Exercise requirements: Repeat the listing below line for line, exactly as shown.

Source records:
/---
theorem corollary4p5:
  fixes \<Omega> :: "'a::euclidean_space set"
    and F :: "('a \<Rightarrow> real) \<Rightarrow> ('a \<Rightarrow> real) \<Rightarrow> ('a \<times> 'a \<Rightarrow> real) \<Rightarrow> ('a \<Rightarrow> real)"
    and f :: "('a \<Rightarrow> real) \<Rightarrow> ('a \<Rightarrow> real)"
    and \<alpha> Mf M0 M r :: real
  assumes "compact \<Omega>"
    and "\<alpha> \<ge> 0"
    and "F_ok \<Omega> F"
    and "f_ok \<Omega> f Mf"
    and "0 < M0" and "M0 < M" and "0 < r"
  shows "\<exists>Mhat > M. \<forall>\<phi> \<tau>0 A \<tau>.
           in_Lip \<Omega> \<alpha> \<phi> \<longrightarrow>
           continuous_on \<Omega> \<tau>0 \<longrightarrow> (\<forall>x\<in>\<Omega>. 0 \<le> \<tau>0 x) \<longrightarrow>
           Lip_norm \<Omega> \<alpha> \<phi> + supnorm \<Omega> \<tau>0 \<le> M0 \<longrightarrow>
           is_solution \<Omega> F f \<phi> \<tau>0 r A \<tau> \<longrightarrow>
           (\<forall>t\<in>{0..r}. supnorm \<Omega> (A t) \<le> M) \<longrightarrow>
           (\<forall>t\<in>{0..r}. in_Lip \<Omega> \<alpha> (\<lambda>\<theta>. A (t + \<theta>)) \<and>
                        Lip_norm \<Omega> \<alpha> (\<lambda>\<theta>. A (t + \<theta>)) \<le> Mhat)"
proof -
  note \<Omega> = assms(1) and M = assms(5-7)
  define B where "B = r + M0 + max M (M0 * exp (\<alpha> * M0))"
  have "0 \<le> B" using M unfolding B_def by linarith
  then obtain K where "0 \<le> K" and F_bounded: "F_ball_bound \<Omega> F B K"
    using F_ok_bounded[OF \<Omega> assms(3)] by blast
  show ?thesis
  proof (intro exI[of _ "M + (M0 + \<alpha> * M + K) + 1"] conjI allI impI ballI)
    show "M < M + (M0 + \<alpha> * M + K) + 1"
      using M \<open>0 \<le> K\<close> \<open>0 \<le> \<alpha>\<close> by (simp add: add_pos_nonneg)
    fix \<phi> \<tau>0 A \<tau> t
    assume \<phi>: "in_Lip \<Omega> \<alpha> \<phi>" and \<tau>0: "continuous_on \<Omega> \<tau>0" "\<forall>x\<in>\<Omega>. 0 \<le> \<tau>0 x"
      and norm: "Lip_norm \<Omega> \<alpha> \<phi> + supnorm \<Omega> \<tau>0 \<le> M0"
      and sol: "is_solution \<Omega> F f \<phi> \<tau>0 r A \<tau>"
      and A_sup: "\<forall>t\<in>{0..r}. supnorm \<Omega> (A t) \<le> M" and t: "t \<in> {0..r}"
    have A: "cont_sup \<Omega> {..r} A"
      using sol unfolding is_solution_def by blast
    note initial = initial_data_bounds[OF \<Omega> \<phi> \<tau>0(1) norm sol]
    have present: "\<bar>A s y\<bar> \<le> M" if "s \<in> {0..r}" "y \<in> \<Omega>" for s y
      using abs_le_supnorm[OF \<Omega> cont_sup_continuous_on[OF A] that(2)] A_sup that by fastforce
    have "K-lipschitz_on {0..r} (\<lambda>s. A s y)" if "y \<in> \<Omega>" for y
      using solution_integrand_bounded_by_data[OF \<Omega> assms(4) \<tau>0(2) sol \<open>0 \<le> \<alpha>\<close> M(3) F_bounded
          initial(1) initial(3) present, unfolded B_def]
      by (intro solution_lipschitz[OF sol _ \<open>0 \<le> K\<close> that]) (auto simp: that)
    then have "in_Lip \<Omega> \<alpha> (\<lambda>\<theta>. A (t + \<theta>)) \<and>
        Lip_norm \<Omega> \<alpha> (\<lambda>\<theta>. A (t + \<theta>)) \<le> M + (M0 + \<alpha> * M + K)"
      using M initial present \<open>0 \<le> K\<close>
      by (intro history_in_Lip[OF \<open>0 \<le> \<alpha>\<close> A t]) auto
    then show "in_Lip \<Omega> \<alpha> (\<lambda>\<theta>. A (t + \<theta>))"
      and "Lip_norm \<Omega> \<alpha> (\<lambda>\<theta>. A (t + \<theta>)) \<le> M + (M0 + \<alpha> * M + K) + 1"
      by auto
  qed
qed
\---
Response area:
theorem corollary4p5:
  fixes \<Omega> :: "'a::euclidean_space set"
    and F :: "('a \<Rightarrow> real) \<Rightarrow> ('a \<Rightarrow> real) \<Rightarrow> ('a \<times> 'a \<Rightarrow> real) \<Rightarrow> ('a \<Rightarrow> real)"
    and f :: "('a \<Rightarrow> real) \<Rightarrow> ('a \<Rightarrow> real)"
    and \<alpha> Mf M0 M r :: real
  assumes "compact \<Omega>"
    and "\<alpha> \<ge> 0"
    and "F_ok \<Omega> F"
    and "f_ok \<Omega> f Mf"
    and "0 < M0" and "M0 < M" and "0 < r"
  shows "\<exists>Mhat > M. \<forall>\<phi> \<tau>0 A \<tau>.
           in_Lip \<Omega> \<alpha> \<phi> \<longrightarrow>
           continuous_on \<Omega> \<tau>0 \<longrightarrow> (\<forall>x\<in>\<Omega>. 0 \<le> \<tau>0 x) \<longrightarrow>
           Lip_norm \<Omega> \<alpha> \<phi> + supnorm \<Omega> \<tau>0 \<le> M0 \<longrightarrow>
           is_solution \<Omega> F f \<phi> \<tau>0 r A \<tau> \<longrightarrow>
           (\<forall>t\<in>{0..r}. supnorm \<Omega> (A t) \<le> M) \<longrightarrow>
           (\<forall>t\<in>{0..r}. in_Lip \<Omega> \<alpha> (\<lambda>\<theta>. A (t + \<theta>)) \<and>
                        Lip_norm \<Omega> \<alpha> (\<lambda>\<theta>. A (t + \<theta>)) \<le> Mhat)"
proof -
  note \<Omega> = assms(1) and M = assms(5-7)
  define B where "B = r + M0 + max M (M0 * exp (\<alpha> * M0))"
  have "0 \<le> B" using M unfolding B_def by linarith
  then obtain K where "0 \<le> K" and F_bounded: "F_ball_bound \<Omega> F B K"
    using F_ok_bounded[OF \<Omega> assms(3)] by blast
  show ?thesis
  proof (intro exI[of _ "M + (M0 + \<alpha> * M + K) + 1"] conjI allI impI ballI)
    show "M < M + (M0 + \<alpha> * M + K) + 1"
      using M \<open>0 \<le> K\<close> \<open>0 \<le> \<alpha>\<close> by (simp add: add_pos_nonneg)
    fix \<phi> \<tau>0 A \<tau> t
    assume \<phi>: "in_Lip \<Omega> \<alpha> \<phi>" and \<tau>0: "continuous_on \<Omega> \<tau>0" "\<forall>x\<in>\<Omega>. 0 \<le> \<tau>0 x"
      and norm: "Lip_norm \<Omega> \<alpha> \<phi> + supnorm \<Omega> \<tau>0 \<le> M0"
      and sol: "is_solution \<Omega> F f \<phi> \<tau>0 r A \<tau>"
      and A_sup: "\<forall>t\<in>{0..r}. supnorm \<Omega> (A t) \<le> M" and t: "t \<in> {0..r}"
    have A: "cont_sup \<Omega> {..r} A"
      using sol unfolding is_solution_def by blast
    note initial = initial_data_bounds[OF \<Omega> \<phi> \<tau>0(1) norm sol]
    have present: "\<bar>A s y\<bar> \<le> M" if "s \<in> {0..r}" "y \<in> \<Omega>" for s y
      using abs_le_supnorm[OF \<Omega> cont_sup_continuous_on[OF A] that(2)] A_sup that by fastforce
    have "K-lipschitz_on {0..r} (\<lambda>s. A s y)" if "y \<in> \<Omega>" for y
      using solution_integrand_bounded_by_data[OF \<Omega> assms(4) \<tau>0(2) sol \<open>0 \<le> \<alpha>\<close> M(3) F_bounded
          initial(1) initial(3) present, unfolded B_def]
      by (intro solution_lipschitz[OF sol _ \<open>0 \<le> K\<close> that]) (auto simp: that)
    then have "in_Lip \<Omega> \<alpha> (\<lambda>\<theta>. A (t + \<theta>)) \<and>
        Lip_norm \<Omega> \<alpha> (\<lambda>\<theta>. A (t + \<theta>)) \<le> M + (M0 + \<alpha> * M + K)"
      using M initial present \<open>0 \<le> K\<close>
      by (intro history_in_Lip[OF \<open>0 \<le> \<alpha>\<close> A t]) auto
    then show "in_Lip \<Omega> \<alpha> (\<lambda>\<theta>. A (t + \<theta>))"
      and "Lip_norm \<Omega> \<alpha> (\<lambda>\<theta>. A (t + \<theta>)) \<le> M + (M0 + \<alpha> * M + K) + 1"
      by auto
  qed
qed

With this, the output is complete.